+++ Data extracts
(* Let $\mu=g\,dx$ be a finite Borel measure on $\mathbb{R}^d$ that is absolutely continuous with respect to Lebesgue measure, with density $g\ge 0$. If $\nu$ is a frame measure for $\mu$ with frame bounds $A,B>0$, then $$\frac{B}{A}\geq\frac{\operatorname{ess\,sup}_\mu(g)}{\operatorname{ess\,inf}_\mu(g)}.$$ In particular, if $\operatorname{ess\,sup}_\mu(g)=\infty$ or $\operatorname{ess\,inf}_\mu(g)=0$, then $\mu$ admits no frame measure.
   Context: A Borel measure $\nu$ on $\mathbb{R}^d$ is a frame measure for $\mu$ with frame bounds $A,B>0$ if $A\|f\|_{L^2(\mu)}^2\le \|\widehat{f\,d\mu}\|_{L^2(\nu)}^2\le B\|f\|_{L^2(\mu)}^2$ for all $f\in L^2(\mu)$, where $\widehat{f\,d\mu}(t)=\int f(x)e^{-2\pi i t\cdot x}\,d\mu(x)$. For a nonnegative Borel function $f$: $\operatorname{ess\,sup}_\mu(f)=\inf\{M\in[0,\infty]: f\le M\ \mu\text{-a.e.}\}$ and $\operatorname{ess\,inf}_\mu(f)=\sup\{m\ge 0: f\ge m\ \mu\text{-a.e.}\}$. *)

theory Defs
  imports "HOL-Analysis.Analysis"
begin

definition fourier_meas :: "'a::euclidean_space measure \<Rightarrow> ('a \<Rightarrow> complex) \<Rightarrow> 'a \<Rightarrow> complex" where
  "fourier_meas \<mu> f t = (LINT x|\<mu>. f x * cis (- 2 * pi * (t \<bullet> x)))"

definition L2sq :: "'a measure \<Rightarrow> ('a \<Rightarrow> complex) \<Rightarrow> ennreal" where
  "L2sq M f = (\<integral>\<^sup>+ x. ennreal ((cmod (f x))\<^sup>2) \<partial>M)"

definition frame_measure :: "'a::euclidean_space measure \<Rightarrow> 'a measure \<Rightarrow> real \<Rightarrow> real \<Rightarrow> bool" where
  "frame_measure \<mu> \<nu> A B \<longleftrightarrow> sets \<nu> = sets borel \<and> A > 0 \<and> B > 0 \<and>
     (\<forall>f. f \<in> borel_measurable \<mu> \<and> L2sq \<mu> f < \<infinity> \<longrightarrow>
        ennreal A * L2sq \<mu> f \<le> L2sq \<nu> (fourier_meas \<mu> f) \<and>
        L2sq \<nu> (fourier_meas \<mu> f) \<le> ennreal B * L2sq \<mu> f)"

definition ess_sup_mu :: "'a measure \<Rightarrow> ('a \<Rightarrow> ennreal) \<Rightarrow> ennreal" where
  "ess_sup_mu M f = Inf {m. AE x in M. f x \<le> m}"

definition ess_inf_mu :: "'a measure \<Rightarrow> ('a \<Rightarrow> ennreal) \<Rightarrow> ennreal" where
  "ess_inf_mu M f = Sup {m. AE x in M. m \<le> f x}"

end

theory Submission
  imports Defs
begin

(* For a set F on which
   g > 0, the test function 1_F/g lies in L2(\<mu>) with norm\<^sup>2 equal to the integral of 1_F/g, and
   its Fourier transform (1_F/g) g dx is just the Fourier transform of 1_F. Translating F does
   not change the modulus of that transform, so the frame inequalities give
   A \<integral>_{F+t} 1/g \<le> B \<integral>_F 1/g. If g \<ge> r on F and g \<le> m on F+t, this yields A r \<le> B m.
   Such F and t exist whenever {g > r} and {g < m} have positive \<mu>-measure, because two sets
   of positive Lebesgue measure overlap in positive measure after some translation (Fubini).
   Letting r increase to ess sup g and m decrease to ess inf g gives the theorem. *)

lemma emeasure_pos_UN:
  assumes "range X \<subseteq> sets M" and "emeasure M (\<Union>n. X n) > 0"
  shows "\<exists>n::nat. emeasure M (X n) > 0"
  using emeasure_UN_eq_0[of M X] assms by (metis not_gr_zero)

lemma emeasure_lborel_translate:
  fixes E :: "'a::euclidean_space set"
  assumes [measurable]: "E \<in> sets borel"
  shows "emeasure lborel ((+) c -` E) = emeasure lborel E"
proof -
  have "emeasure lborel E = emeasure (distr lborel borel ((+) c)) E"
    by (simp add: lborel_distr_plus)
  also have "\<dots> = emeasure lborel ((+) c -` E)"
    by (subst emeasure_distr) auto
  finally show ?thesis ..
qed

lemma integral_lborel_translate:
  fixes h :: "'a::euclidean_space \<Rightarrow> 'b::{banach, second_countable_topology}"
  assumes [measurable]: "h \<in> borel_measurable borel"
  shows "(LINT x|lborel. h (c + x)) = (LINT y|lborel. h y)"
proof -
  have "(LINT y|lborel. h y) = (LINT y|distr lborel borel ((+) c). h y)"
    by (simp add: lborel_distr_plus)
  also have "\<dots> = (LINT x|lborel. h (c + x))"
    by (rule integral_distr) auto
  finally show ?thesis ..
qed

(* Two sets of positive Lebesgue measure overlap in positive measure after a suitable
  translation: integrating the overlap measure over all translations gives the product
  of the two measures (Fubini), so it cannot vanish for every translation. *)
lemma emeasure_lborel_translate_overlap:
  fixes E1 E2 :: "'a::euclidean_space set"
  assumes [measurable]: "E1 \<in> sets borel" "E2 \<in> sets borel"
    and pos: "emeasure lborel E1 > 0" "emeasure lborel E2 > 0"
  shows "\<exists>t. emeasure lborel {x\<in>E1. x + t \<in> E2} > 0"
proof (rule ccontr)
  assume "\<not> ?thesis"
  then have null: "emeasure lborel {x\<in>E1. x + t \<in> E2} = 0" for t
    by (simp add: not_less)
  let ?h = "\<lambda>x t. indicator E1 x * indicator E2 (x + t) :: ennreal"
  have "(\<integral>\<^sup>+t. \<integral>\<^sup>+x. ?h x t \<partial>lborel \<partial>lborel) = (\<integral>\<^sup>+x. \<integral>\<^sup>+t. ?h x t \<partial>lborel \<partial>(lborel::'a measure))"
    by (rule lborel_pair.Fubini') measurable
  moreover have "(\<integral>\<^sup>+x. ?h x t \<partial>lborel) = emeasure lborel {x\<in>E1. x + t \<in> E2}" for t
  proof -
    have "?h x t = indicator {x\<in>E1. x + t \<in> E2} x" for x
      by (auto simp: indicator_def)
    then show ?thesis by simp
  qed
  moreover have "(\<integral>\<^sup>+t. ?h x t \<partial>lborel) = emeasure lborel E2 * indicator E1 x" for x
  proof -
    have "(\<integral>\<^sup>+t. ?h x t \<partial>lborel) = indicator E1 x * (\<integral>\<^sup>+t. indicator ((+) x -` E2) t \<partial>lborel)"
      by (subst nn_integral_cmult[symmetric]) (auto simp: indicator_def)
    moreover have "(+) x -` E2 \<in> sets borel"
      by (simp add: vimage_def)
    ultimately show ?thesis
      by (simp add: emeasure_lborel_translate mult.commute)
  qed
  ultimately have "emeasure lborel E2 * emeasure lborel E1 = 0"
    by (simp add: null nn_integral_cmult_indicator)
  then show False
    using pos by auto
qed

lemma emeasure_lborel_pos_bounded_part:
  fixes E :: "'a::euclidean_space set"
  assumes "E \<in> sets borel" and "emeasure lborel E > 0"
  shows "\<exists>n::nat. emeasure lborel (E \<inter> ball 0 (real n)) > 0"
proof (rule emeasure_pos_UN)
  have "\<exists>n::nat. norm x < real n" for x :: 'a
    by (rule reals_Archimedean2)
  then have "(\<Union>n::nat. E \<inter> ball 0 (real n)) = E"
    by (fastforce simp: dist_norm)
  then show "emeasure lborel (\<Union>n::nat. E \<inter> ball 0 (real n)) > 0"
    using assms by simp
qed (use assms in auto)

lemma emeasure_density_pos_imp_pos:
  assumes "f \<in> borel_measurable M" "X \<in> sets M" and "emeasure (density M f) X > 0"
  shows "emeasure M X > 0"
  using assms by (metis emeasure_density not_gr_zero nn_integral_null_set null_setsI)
++++++
Exercise details: Copy out the lines of the data where the string "translation" occurs.

Result:
   of positive Lebesgue measure overlap in positive measure after some translation (Fubini).
  translation: integrating the overlap measure over all translations gives the product
  of the two measures (Fubini), so it cannot vanish for every translation. *)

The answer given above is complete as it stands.